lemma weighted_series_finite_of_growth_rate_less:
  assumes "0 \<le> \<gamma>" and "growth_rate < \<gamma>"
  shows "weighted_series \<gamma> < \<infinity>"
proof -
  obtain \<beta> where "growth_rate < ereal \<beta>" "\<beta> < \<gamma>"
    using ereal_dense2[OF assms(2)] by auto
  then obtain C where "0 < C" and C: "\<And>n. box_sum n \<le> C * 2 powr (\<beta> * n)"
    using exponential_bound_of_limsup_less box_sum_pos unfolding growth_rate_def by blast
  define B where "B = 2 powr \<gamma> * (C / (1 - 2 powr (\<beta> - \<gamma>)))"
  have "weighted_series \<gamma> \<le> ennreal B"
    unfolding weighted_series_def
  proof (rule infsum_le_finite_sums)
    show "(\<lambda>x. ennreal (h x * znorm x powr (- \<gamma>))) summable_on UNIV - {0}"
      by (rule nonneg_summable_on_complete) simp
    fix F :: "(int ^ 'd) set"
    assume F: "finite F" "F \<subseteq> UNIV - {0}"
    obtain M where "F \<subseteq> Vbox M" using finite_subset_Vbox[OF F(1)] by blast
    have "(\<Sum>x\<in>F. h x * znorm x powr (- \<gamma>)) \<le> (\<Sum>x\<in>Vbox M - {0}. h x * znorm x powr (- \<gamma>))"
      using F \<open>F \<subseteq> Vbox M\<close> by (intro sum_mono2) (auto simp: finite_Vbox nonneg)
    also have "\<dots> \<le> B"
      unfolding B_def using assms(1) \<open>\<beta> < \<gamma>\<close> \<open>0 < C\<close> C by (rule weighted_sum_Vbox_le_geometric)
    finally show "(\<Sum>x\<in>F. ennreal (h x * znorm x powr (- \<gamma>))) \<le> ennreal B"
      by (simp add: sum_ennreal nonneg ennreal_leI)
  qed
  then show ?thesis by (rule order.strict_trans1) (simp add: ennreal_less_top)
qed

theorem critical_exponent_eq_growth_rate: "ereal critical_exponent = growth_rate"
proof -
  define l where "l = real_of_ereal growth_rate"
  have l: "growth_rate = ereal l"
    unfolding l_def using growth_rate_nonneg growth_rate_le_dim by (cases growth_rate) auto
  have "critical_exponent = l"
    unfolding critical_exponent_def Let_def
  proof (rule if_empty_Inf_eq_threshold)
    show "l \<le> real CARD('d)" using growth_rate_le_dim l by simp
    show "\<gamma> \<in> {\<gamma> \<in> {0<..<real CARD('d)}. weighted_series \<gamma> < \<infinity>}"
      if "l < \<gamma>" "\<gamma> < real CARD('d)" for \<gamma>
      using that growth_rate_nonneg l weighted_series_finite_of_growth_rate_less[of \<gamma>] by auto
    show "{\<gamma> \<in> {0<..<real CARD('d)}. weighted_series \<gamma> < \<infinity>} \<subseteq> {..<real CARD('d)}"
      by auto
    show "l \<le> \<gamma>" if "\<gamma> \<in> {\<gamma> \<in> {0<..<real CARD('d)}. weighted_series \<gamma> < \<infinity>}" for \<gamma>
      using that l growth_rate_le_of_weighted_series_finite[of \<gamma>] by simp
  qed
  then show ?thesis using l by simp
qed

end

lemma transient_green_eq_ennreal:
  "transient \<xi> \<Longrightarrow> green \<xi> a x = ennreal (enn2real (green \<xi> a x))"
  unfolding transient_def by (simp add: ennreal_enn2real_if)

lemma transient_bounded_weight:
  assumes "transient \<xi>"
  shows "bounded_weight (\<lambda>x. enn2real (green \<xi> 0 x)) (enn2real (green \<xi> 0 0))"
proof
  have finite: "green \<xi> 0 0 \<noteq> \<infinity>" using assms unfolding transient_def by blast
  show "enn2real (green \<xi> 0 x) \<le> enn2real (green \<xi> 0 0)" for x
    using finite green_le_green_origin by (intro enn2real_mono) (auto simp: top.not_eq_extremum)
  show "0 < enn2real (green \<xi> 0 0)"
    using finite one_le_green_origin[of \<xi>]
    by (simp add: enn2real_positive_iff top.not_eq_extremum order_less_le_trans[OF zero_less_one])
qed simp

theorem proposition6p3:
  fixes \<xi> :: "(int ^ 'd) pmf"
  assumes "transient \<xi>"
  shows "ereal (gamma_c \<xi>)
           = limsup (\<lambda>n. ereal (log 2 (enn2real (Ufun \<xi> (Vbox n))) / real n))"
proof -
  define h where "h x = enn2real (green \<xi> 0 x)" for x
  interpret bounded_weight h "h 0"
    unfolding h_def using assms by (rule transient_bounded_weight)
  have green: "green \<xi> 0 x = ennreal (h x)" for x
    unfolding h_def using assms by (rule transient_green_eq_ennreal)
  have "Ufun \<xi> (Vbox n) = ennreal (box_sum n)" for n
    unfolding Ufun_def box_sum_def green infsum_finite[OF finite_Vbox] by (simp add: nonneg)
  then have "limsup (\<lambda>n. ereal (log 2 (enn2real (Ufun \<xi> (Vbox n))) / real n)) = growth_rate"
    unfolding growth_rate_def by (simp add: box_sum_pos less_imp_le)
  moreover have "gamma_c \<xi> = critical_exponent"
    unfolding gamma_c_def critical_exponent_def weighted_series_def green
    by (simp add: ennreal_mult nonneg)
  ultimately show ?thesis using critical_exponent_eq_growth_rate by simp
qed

__WORK ITEM__. Return all lines in the entries above that carry the word "theorem".

__ANSWER BOX__.
theorem critical_exponent_eq_growth_rate: "ereal critical_exponent = growth_rate"
theorem proposition6p3:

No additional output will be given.